-- Opening Marker --

lemma measure_additive_mech:
  assumes p: "noise_distribution p" and S: "S \<in> sets borel"
  shows "measure (additive_mech q p D) S = measure p {x. q D + x \<in> S}"
proof -
  have sp: "sets p = sets borel" using p by (simp add: noise_distribution_def)
  show ?thesis
    unfolding additive_mech_def using S sets_eq_imp_space_eq[OF sp]
    by (simp add: measure_distr measurable_cong_sets[OF sp refl] vimage_def)
qed

lemma ADP_additive_mech_half_mixture:
  assumes M: "noise_distribution M" and N: "noise_distribution N"
    and "ADP nbr (additive_mech q M) \<epsilon> \<delta>" "ADP nbr (additive_mech q N) \<epsilon> \<delta>"
  shows "ADP nbr (additive_mech q (half_mixture M N)) \<epsilon> \<delta>"
  unfolding ADP_def
proof (intro allI impI)
  fix D0 D1 S assume nbr: "nbr D0 D1" and S: "S \<in> sets (borel :: real measure)"
  have MN: "prob_space M" "prob_space N" "sets N = sets M" "sets M = sets borel"
    using M N by (auto simp: noise_distribution_def)
  have "{x. q D + x \<in> S} \<in> sets borel" for D
    using S by measurable
  then have mix: "measure (additive_mech q (half_mixture M N) D) S
      = (measure (additive_mech q M D) S + measure (additive_mech q N D) S) / 2" for D
    using S by (simp add: measure_additive_mech noise_distribution_half_mixture M N
        measure_half_mixture[OF MN(1-3)] MN(4))
  have "measure (additive_mech q M D0) S \<le> exp \<epsilon> * measure (additive_mech q M D1) S + \<delta>"
    "measure (additive_mech q N D0) S \<le> exp \<epsilon> * measure (additive_mech q N D1) S + \<delta>"
    using assms(3,4) nbr S unfolding ADP_def by blast+
  then show "measure (additive_mech q (half_mixture M N) D0) S
      \<le> exp \<epsilon> * measure (additive_mech q (half_mixture M N) D1) S + \<delta>"
    unfolding mix by (simp add: field_simps)
qed

lemma measure_additive_mech_reflect:
  assumes p: "noise_distribution p" and S: "S \<in> sets borel"
  shows "measure (additive_mech q (reflect p) D) S = measure p {x. q D - x \<in> S}"
proof -
  have "{x. q D + x \<in> S} \<in> sets borel"
    using S by measurable
  then show ?thesis
    using S by (simp add: measure_additive_mech noise_distribution_reflect measure_reflect p vimage_def)
qed

lemma ADP_additive_mech_reflect:
  assumes p: "noise_distribution p" and nbr_sym: "symp nbr"
    and adp: "ADP nbr (additive_mech q p) \<epsilon> \<delta>"
  shows "ADP nbr (additive_mech q (reflect p)) \<epsilon> \<delta>"
  unfolding ADP_def
proof (intro allI impI)
  fix D0 D1 S assume nbr: "nbr D0 D1" and S: "S \<in> sets (borel :: real measure)"
  define S' where "S' = {y. q D0 + q D1 - y \<in> S}"
  have "S' \<in> sets borel"
    unfolding S'_def using S by measurable
  moreover have "{x. q D1 + x \<in> S'} = {x. q D0 - x \<in> S}" "{x. q D0 + x \<in> S'} = {x. q D1 - x \<in> S}"
    by (auto simp: S'_def algebra_simps)
  ultimately have "measure p {x. q D0 - x \<in> S} \<le> exp \<epsilon> * measure p {x. q D1 - x \<in> S} + \<delta>"
    using adp nbr_sym nbr by (metis ADP_def measure_additive_mech[OF p] sympD)
  then show "measure (additive_mech q (reflect p) D0) S \<le> exp \<epsilon> * measure (additive_mech q (reflect p) D1) S + \<delta>"
    using S by (simp add: measure_additive_mech_reflect[OF p])
qed

lemma utility_loss_symmetrization:
  assumes p: "noise_distribution p" and u_sym: "\<And>D x. u (q D + x) (q D) = u (q D - x) (q D)"
  shows "utility_loss (symmetrization p) u q = utility_loss p u q"
  unfolding utility_loss_def
  using u_sym by (simp add: integral_symmetrization_even[OF p])

theorem lemma2:
  fixes q :: "'d \<Rightarrow> real" and nbr :: "'d \<Rightarrow> 'd \<Rightarrow> bool"
    and u :: "real \<Rightarrow> real \<Rightarrow> real" and p :: "real measure"
    and \<epsilon> \<delta> :: real
  assumes u_sym: "\<And>D x. u (q D + x) (q D) = u (q D - x) (q D)"
    and nbr_sym: "symp nbr"
    and eps: "\<epsilon> > 0" and delta: "\<delta> > 0"
    and p: "noise_distribution p"
    and adp: "ADP nbr (additive_mech q p) \<epsilon> \<delta>"
  shows "\<exists>p'. noise_distribution p' \<and> symmetric_noise p'
           \<and> ADP nbr (additive_mech q p') \<epsilon> \<delta>
           \<and> utility_loss p u q = utility_loss p' u q"
proof (intro exI conjI)
  show "noise_distribution (symmetrization p)"
    using p by (simp add: noise_distribution_half_mixture noise_distribution_reflect)
  show "symmetric_noise (symmetrization p)"
    using p by (rule symmetric_noise_symmetrization)
  show "ADP nbr (additive_mech q (symmetrization p)) \<epsilon> \<delta>"
    using ADP_additive_mech_half_mixture[OF p noise_distribution_reflect[OF p]
        adp ADP_additive_mech_reflect[OF p nbr_sym adp]] .
  show "utility_loss p u q = utility_loss (symmetrization p) u q"
    using utility_loss_symmetrization[of p u q, OF p u_sym] by simp
qed

end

-- Closing Marker --

### TASK DIRECTIONS
Please copy exactly the lines from the first line of the records above through the line containing "unfolding additive_mech_def using", including both, and nothing more.

### WORKED SOLUTION
lemma measure_additive_mech:
  assumes p: "noise_distribution p" and S: "S \<in> sets borel"
  shows "measure (additive_mech q p D) S = measure p {x. q D + x \<in> S}"
proof -
  have sp: "sets p = sets borel" using p by (simp add: noise_distribution_def)
  show ?thesis
    unfolding additive_mech_def using S sets_eq_imp_space_eq[OF sp]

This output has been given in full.